5. Если в массиве, полученном на шаге 2, остались названия ключей, то выбрать следующий и перейти к шагу 4, иначе завершить алгоритм.

Формирование цифрового пропуска выполняется в соответствии с алгоритмом:

1. Из входных данных удалить ключ “Sig”, затем по приведенному выше алгоритму вычислить строку бит, используемую в качестве исходных данных процесса формирования электронной подписи.
2. Дополнить входные данные ключом “Sig”, значение ключа представляется в шестнадцатеричном виде.
3. Полученные на шаге 2 данные преобразовать в графическое изображение с использованием символики штрихового кодирования QR code.
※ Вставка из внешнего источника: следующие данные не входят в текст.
(* Let $\mathbf{L}\in\mathbb{R}^{N_1\times N_2}$ satisfy Assumption 1 with $n$ clusters of sizes $n_1,\dots,n_n$, and suppose $\operatorname{rank}(\mathbf{L})=r$. Assume $r/n\ge 18\log\max_i n_i$ and $n_i\ge 96\,\frac{r}{n}\log n_i$ for all $1\le i\le n$. Then $$\mathbb{P}\left[\mu_v<\frac{1}{n}\cdot\frac{0.5\,N_2}{\min_i n_i}\right]\le 2\sum_{i=1}^n n_i^{-5},$$ where $\mu_v$ is the row-space incoherence parameter of $\mathbf{L}$.
   Context: Assumption 1: $\mathbf{L}=[\mathbf{U}_1\mathbf{Q}_1\ \cdots\ \mathbf{U}_n\mathbf{Q}_n]$, where for each $i$, $\mathbf{U}_i\in\mathbb{R}^{N_1\times r/n}$ has column space a uniformly random $r/n$-dimensional subspace of $\mathbb{R}^{N_1}$, and $\mathbf{Q}_i\in\mathbb{R}^{r/n\times n_i}$ has row space a uniformly random $r/n$-dimensional subspace of $\mathbb{R}^{n_i}$ (all drawn independently), with $\sum_{i=1}^n n_i=N_2$ and $\min_i n_i$ much larger than $r/n$. The compact SVD of $\mathbf{L}$ is $\mathbf{U}\boldsymbol{\Sigma}\mathbf{V}^T$ with $\mathbf{V}\in\mathbb{R}^{N_2\times r}$; $\mathbf{e}_i$ is the $i$-th standard basis vector of $\mathbb{R}^{N_2}$; the row-space incoherence parameter $\mu_v$ is the smallest constant such that $\max_{1\le i\le N_2}\|\mathbf{e}_i^T\mathbf{V}\|_2^2\le\mu_v r/N_2$. *)

theory Defs
  imports "HOL-Probability.Probability"
begin

text \<open>Matrices are represented as functions on index pairs, (row, column),
  with the dimensions carried separately; a p x q matrix is extensional on
  the index set {..<p} x {..<q}.\<close>

type_synonym rmat = "nat \<times> nat \<Rightarrow> real"

definition matM :: "nat \<Rightarrow> nat \<Rightarrow> rmat measure" where
  "matM p q = PiM ({..<p} \<times> {..<q}) (\<lambda>_. borel)"

definition mmul :: "nat \<Rightarrow> nat \<Rightarrow> nat \<Rightarrow> rmat \<Rightarrow> rmat \<Rightarrow> rmat" where
  "mmul p k q A B = restrict (\<lambda>(i,j). \<Sum>l<k. A (i,l) * B (l,j)) ({..<p} \<times> {..<q})"

definition mtrans :: "nat \<Rightarrow> nat \<Rightarrow> rmat \<Rightarrow> rmat" where
  "mtrans p q A = restrict (\<lambda>(i,j). A (j,i)) ({..<q} \<times> {..<p})"

definition mulv :: "nat \<Rightarrow> nat \<Rightarrow> rmat \<Rightarrow> (nat \<Rightarrow> real) \<Rightarrow> (nat \<Rightarrow> real)" where
  "mulv p q A c = (\<lambda>i. if i < p then (\<Sum>j<q. A (i,j) * c j) else 0)"

definition colspace :: "nat \<Rightarrow> nat \<Rightarrow> rmat \<Rightarrow> (nat \<Rightarrow> real) set" where
  "colspace p q A = {mulv p q A c | c. True}"

definition colrank :: "nat \<Rightarrow> nat \<Rightarrow> rmat \<Rightarrow> nat" where
  "colrank p q A = Max {card J | J. J \<subseteq> {..<q} \<and>
     (\<forall>c. (\<forall>i<p. (\<Sum>j\<in>J. c j * A (i,j)) = 0) \<longrightarrow> (\<forall>j\<in>J. c j = 0))}"

definition orthogonal_mat :: "nat \<Rightarrow> rmat \<Rightarrow> bool" where
  "orthogonal_mat p Om \<longleftrightarrow> Om \<in> extensional ({..<p} \<times> {..<p}) \<and>
     (\<forall>i<p. \<forall>j<p. (\<Sum>k<p. Om (k,i) * Om (k,j)) = (if i = j then 1 else 0))"

definition colproj :: "nat \<Rightarrow> nat \<Rightarrow> rmat \<Rightarrow> rmat" where
  "colproj p q A = (THE P. P \<in> extensional ({..<p} \<times> {..<p}) \<and>
     (\<forall>i<p. \<forall>j<p. P (i,j) = P (j,i)) \<and>
     (\<forall>i<p. \<forall>j<p. (\<Sum>k<p. P (i,k) * P (k,j)) = P (i,j)) \<and>
     colspace p p P = colspace p q A)"

text \<open>The random p x d matrix X (on probability space M) has as column space a
  uniformly random d-dimensional subspace of R^p: X is a random matrix, its
  column space has dimension d almost surely, and the distribution of the
  column space (encoded by its orthogonal projector) is invariant under all
  rotations of R^p (the uniform, i.e. Haar, distribution on the Grassmannian
  is the unique such distribution).\<close>
definition unif_colspace :: "'a measure \<Rightarrow> nat \<Rightarrow> nat \<Rightarrow> ('a \<Rightarrow> rmat) \<Rightarrow> bool" where
  "unif_colspace M p d X \<longleftrightarrow>
     X \<in> measurable M (matM p d) \<and>
     (AE \<omega> in M. colrank p d (X \<omega>) = d) \<and>
     (\<forall>Om. orthogonal_mat p Om \<longrightarrow>
        distr M (matM p p) (\<lambda>\<omega>. colproj p d (mmul p p d Om (X \<omega>)))
        = distr M (matM p p) (\<lambda>\<omega>. colproj p d (X \<omega>)))"

definition unif_rowspace :: "'a measure \<Rightarrow> nat \<Rightarrow> nat \<Rightarrow> ('a \<Rightarrow> rmat) \<Rightarrow> bool" where
  "unif_rowspace M d q X \<longleftrightarrow>
     X \<in> measurable M (matM d q) \<and>
     unif_colspace M q d (\<lambda>\<omega>. mtrans d q (X \<omega>))"

definition offs :: "(nat \<Rightarrow> nat) \<Rightarrow> nat \<Rightarrow> nat" where
  "offs ns i = (\<Sum>k<i. ns k)"

text \<open>The block matrix L = [U_1 Q_1 ... U_n Q_n] (N1 x sum ns), where U_i is
  N1 x d and Q_i is d x ns i.\<close>
definition clusterL :: "nat \<Rightarrow> nat \<Rightarrow> nat \<Rightarrow> (nat \<Rightarrow> nat) \<Rightarrow> (nat \<Rightarrow> rmat) \<Rightarrow> (nat \<Rightarrow> rmat) \<Rightarrow> rmat" where
  "clusterL N1 n d ns U Q = restrict (\<lambda>(a,b).
      let i = (THE i. i < n \<and> offs ns i \<le> b \<and> b < offs ns i + ns i)
      in (\<Sum>l<d. U i (a,l) * Q i (l, b - offs ns i)))
    ({..<N1} \<times> {..<(\<Sum>i<n. ns i)})"

definition compact_svd :: "nat \<Rightarrow> nat \<Rightarrow> nat \<Rightarrow> rmat \<Rightarrow> rmat \<Rightarrow> (nat \<Rightarrow> real) \<Rightarrow> rmat \<Rightarrow> bool" where
  "compact_svd N1 N2 r L U s V \<longleftrightarrow>
     U \<in> extensional ({..<N1} \<times> {..<r}) \<and> V \<in> extensional ({..<N2} \<times> {..<r}) \<and>
     (\<forall>j<r. \<forall>k<r. (\<Sum>a<N1. U (a,j) * U (a,k)) = (if j = k then 1 else 0)) \<and>
     (\<forall>j<r. \<forall>k<r. (\<Sum>b<N2. V (b,j) * V (b,k)) = (if j = k then 1 else 0)) \<and>
     (\<forall>j<r. s j > 0) \<and>
     (\<forall>a<N1. \<forall>b<N2. L (a,b) = (\<Sum>j<r. U (a,j) * s j * V (b,j)))"

definition svdV :: "nat \<Rightarrow> nat \<Rightarrow> nat \<Rightarrow> rmat \<Rightarrow> rmat" where
  "svdV N1 N2 r L = (SOME V. \<exists>U s. compact_svd N1 N2 r L U s V)"

definition mu_v :: "nat \<Rightarrow> nat \<Rightarrow> nat \<Rightarrow> rmat \<Rightarrow> real" where
  "mu_v N1 N2 r L = Inf {\<mu>. \<forall>i<N2. (\<Sum>j<r. (svdV N1 N2 r L (i,j))^2) \<le> \<mu> * real r / real N2}"

end

theory Submission
  imports Defs
begin

text \<open>Whenever L has rank r the event is empty. Write L = U Sigma V^T with
  orthonormal columns of V. The columns of L in cluster i factor through the d = r/n rows of Q_i,
  so the corresponding rows of V lie in a space of dimension at most d and, by Bessel's inequality,
  carry total squared norm at most d. Since the squared norms of all rows of V add up to r = n d,
  every cluster carries exactly d, and in the smallest cluster some row has squared norm at least
  d / min n_i; hence mu_v >= N2 / (n min n_i), twice the threshold. For r = 0, mu_v is a junk value,
  but then the logarithmic hypothesis forces all n_i = 1 and the right-hand side is at least 2.

  A compact SVD with exactly rank L terms is constructed directly: a maximiser of |L x| on the unit
  sphere yields a singular pair, deflation repeats this until the residual vanishes, and the number
  of pairs found equals the column rank.\<close>

section \<open>Inner products on R^N\<close>

definition dot :: "nat \<Rightarrow> (nat \<Rightarrow> real) \<Rightarrow> (nat \<Rightarrow> real) \<Rightarrow> real" where
  "dot N x y = (\<Sum>i<N. x i * y i)"

definition matvec :: "nat \<Rightarrow> rmat \<Rightarrow> (nat \<Rightarrow> real) \<Rightarrow> (nat \<Rightarrow> real)" where
  "matvec N R x = (\<lambda>a. \<Sum>b<N. R (a,b) * x b)"

definition matvec_T :: "nat \<Rightarrow> rmat \<Rightarrow> (nat \<Rightarrow> real) \<Rightarrow> (nat \<Rightarrow> real)" where
  "matvec_T N R y = (\<lambda>b. \<Sum>a<N. R (a,b) * y a)"

definition unit_vec :: "nat \<Rightarrow> nat \<Rightarrow> real" where
  "unit_vec b = (\<lambda>i. of_bool (i = b))"

lemma dot_commute: "dot N x y = dot N y x"
  unfolding dot_def by (simp add: mult.commute)

lemma dot_cong:
  "(\<And>i. i < N \<Longrightarrow> x i = x' i) \<Longrightarrow> (\<And>i. i < N \<Longrightarrow> y i = y' i) \<Longrightarrow> dot N x y = dot N x' y'"
  unfolding dot_def by (intro sum.cong) auto

lemma dot_scale: "dot N (\<lambda>i. c * x i) (\<lambda>i. d * y i) = c * d * dot N x y"
  unfolding dot_def by (simp add: sum_distrib_left algebra_simps)

lemma dot_scale_left: "dot N (\<lambda>i. c * x i) y = c * dot N x y"
  using dot_scale[of N c x 1 y] by simp

lemma dot_add_scale_self:
  "dot N (\<lambda>i. x i + t * y i) (\<lambda>i. x i + t * y i) = dot N x x + 2 * t * dot N x y + t\<^sup>2 * dot N y y"
  unfolding dot_def
  by (simp add: sum.distrib sum_distrib_left algebra_simps power2_eq_square)

lemma dot_self_nonneg: "dot N x x \<ge> 0"
  unfolding dot_def by (intro sum_nonneg) auto

lemma dot_self_eq_0: "dot N x x = 0 \<Longrightarrow> i < N \<Longrightarrow> x i = 0"
  unfolding dot_def by (subst (asm) sum_nonneg_eq_0_iff) auto

lemma sq_le_dot_self: "i < N \<Longrightarrow> (x i)\<^sup>2 \<le> dot N x x"
  unfolding dot_def power2_eq_square by (rule member_le_sum[where f = "\<lambda>i. x i * x i"]) auto

lemma dot_unit_vec: "b < N \<Longrightarrow> dot N (unit_vec b) x = x b"
  unfolding dot_def unit_vec_def by simp

lemma matvec_unit_vec: "b < N \<Longrightarrow> matvec N R (unit_vec b) a = R (a,b)"
  unfolding matvec_def unit_vec_def by (simp add: mult.commute)

lemma matvec_add_scale: "matvec N R (\<lambda>b. x b + t * y b) = (\<lambda>a. matvec N R x a + t * matvec N R y a)"
  unfolding matvec_def by (auto simp: sum.distrib sum_distrib_left algebra_simps)

lemma matvec_scale: "matvec N R (\<lambda>b. c * x b) = (\<lambda>a. c * matvec N R x a)"
  unfolding matvec_def by (auto simp: sum_distrib_left algebra_simps)

lemma dot_matvec_T: "dot N2 (matvec_T N1 R y) x = dot N1 y (matvec N2 R x)"
  unfolding dot_def matvec_T_def matvec_def sum_distrib_right sum_distrib_left
  by (subst sum.swap) (simp add: mult_ac)

lemma dot_sum_left:
  assumes "\<And>i. i < N \<Longrightarrow> x i = (\<Sum>t\<in>T. c t * X t i)"
  shows "dot N x y = (\<Sum>t\<in>T. c t * dot N (X t) y)"
proof -
  have "dot N x y = (\<Sum>i<N. (\<Sum>t\<in>T. c t * X t i) * y i)"
    unfolding dot_def using assms by (intro sum.cong) auto
  also have "\<dots> = (\<Sum>t\<in>T. c t * dot N (X t) y)"
    unfolding dot_def sum_distrib_right sum_distrib_left by (subst sum.swap) (simp add: mult_ac)
  finally show ?thesis .
qed

section \<open>Orthonormal families, spans and Gram--Schmidt\<close>

definition orthonormal :: "nat \<Rightarrow> (nat \<Rightarrow> nat \<Rightarrow> real) \<Rightarrow> nat set \<Rightarrow> bool" where
  "orthonormal N E S \<longleftrightarrow> (\<forall>s\<in>S. \<forall>t\<in>S. dot N (E s) (E t) = (if s = t then 1 else 0))"

definition in_span :: "nat \<Rightarrow> (nat \<Rightarrow> nat \<Rightarrow> real) \<Rightarrow> nat set \<Rightarrow> (nat \<Rightarrow> real) \<Rightarrow> bool" where
  "in_span N X T x \<longleftrightarrow> (\<exists>c. \<forall>i<N. x i = (\<Sum>t\<in>T. c t * X t i))"

definition lin_independent :: "nat \<Rightarrow> (nat \<Rightarrow> nat \<Rightarrow> real) \<Rightarrow> nat set \<Rightarrow> bool" where
  "lin_independent N X T \<longleftrightarrow> (\<forall>c. (\<forall>i<N. (\<Sum>t\<in>T. c t * X t i) = 0) \<longrightarrow> (\<forall>t\<in>T. c t = 0))"

lemma orthonormal_sum_delta:
  assumes "orthonormal N E S" "finite S" "t \<in> S"
  shows "(\<Sum>s\<in>S. c s * dot N (E s) (E t)) = c t"
proof -
  have "(\<Sum>s\<in>S. c s * dot N (E s) (E t)) = (\<Sum>s\<in>S. if s = t then c t else 0)"
    using assms unfolding orthonormal_def by (intro sum.cong) auto
  then show ?thesis using assms by simp
qed

lemma orthonormal_insert:
  assumes "orthonormal N E S" "dot N e e = 1" "\<forall>s\<in>S. dot N e (E s) = 0" "x \<notin> S"
  shows "orthonormal N (E(x := e)) (insert x S)"
  using assms unfolding orthonormal_def by (auto simp: dot_commute)

lemma parseval:
  assumes E: "orthonormal N E S" "finite S"
    and x: "\<And>i. i < N \<Longrightarrow> x i = (\<Sum>s\<in>S. c s * E s i)"
  shows "\<And>t. t \<in> S \<Longrightarrow> dot N x (E t) = c t" and "dot N x x = (\<Sum>s\<in>S. (c s)\<^sup>2)"
proof -
  show coeff: "dot N x (E t) = c t" if "t \<in> S" for t
    using dot_sum_left[OF x] orthonormal_sum_delta[OF E that] by simp
  have "dot N x x = (\<Sum>s\<in>S. c s * dot N (E s) x)"
    by (rule dot_sum_left[OF x])
  also have "\<dots> = (\<Sum>s\<in>S. (c s)\<^sup>2)"
    by (intro sum.cong) (simp_all add: dot_commute[of N _ x] coeff power2_eq_square)
  finally show "dot N x x = (\<Sum>s\<in>S. (c s)\<^sup>2)" .
qed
Проверка электронной подписи цифрового пропуска выполняется в соответствии с алгоритмом:

1. Считать и декодировать штриховой код пропуска.
2. Выполнить поиск сертификата ключа проверки электронной подписи с серийным номером, равным значению ключа “Crt”.
3. Если сертификат найден, перейти к шагу 4, иначе завершить алгоритм с отрицательным результатом.
4. Значение ключа Sig декодировать в строку бит и запомнить.
5. Из содержания цифрового пропуска удалить ключ “Sig” и его значение, затем по приведенному выше алгоритму вычислить строку бит, используемую в качестве исходных данных процесса проверки электронной подписи.
6. Выполнить проверку электронной подписи цифрового пропуска с использованием строки бит, полученной на шаге 4, и завершить алгоритм с результатом, соответствующим результату проверки электронной подписи.

Описанные алгоритмы формирования и проверки цифрового пропуска были реализованы на платформе Java и если это кому-то будет интересно - готов поделиться кодом и выслушать замечания.